■ **Your task**
Below are the records; output them exactly from the first line through the line with "define N where", stopping there.

[Saved data entries]
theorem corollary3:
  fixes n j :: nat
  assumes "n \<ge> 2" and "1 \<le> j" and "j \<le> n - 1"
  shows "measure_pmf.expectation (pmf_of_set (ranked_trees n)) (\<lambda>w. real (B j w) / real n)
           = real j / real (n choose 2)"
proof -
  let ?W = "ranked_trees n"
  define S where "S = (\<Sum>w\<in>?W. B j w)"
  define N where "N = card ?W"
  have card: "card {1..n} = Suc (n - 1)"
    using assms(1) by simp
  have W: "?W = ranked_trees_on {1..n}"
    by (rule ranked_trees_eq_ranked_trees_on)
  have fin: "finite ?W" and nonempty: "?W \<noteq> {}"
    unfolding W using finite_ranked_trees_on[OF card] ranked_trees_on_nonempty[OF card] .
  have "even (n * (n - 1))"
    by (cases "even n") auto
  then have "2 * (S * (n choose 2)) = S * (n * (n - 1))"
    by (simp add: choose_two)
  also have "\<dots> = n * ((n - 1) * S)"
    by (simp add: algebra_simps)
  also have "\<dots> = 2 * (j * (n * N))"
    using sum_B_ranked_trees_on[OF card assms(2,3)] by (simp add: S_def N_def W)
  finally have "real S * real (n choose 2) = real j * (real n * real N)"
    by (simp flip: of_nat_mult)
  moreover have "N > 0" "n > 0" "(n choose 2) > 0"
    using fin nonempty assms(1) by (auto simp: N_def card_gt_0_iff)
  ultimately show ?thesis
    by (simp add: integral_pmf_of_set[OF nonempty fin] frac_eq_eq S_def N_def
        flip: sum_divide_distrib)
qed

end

■ **Your response**
theorem corollary3:
  fixes n j :: nat
  assumes "n \<ge> 2" and "1 \<le> j" and "j \<le> n - 1"
  shows "measure_pmf.expectation (pmf_of_set (ranked_trees n)) (\<lambda>w. real (B j w) / real n)
           = real j / real (n choose 2)"
proof -
  let ?W = "ranked_trees n"
  define S where "S = (\<Sum>w\<in>?W. B j w)"
  define N where "N = card ?W"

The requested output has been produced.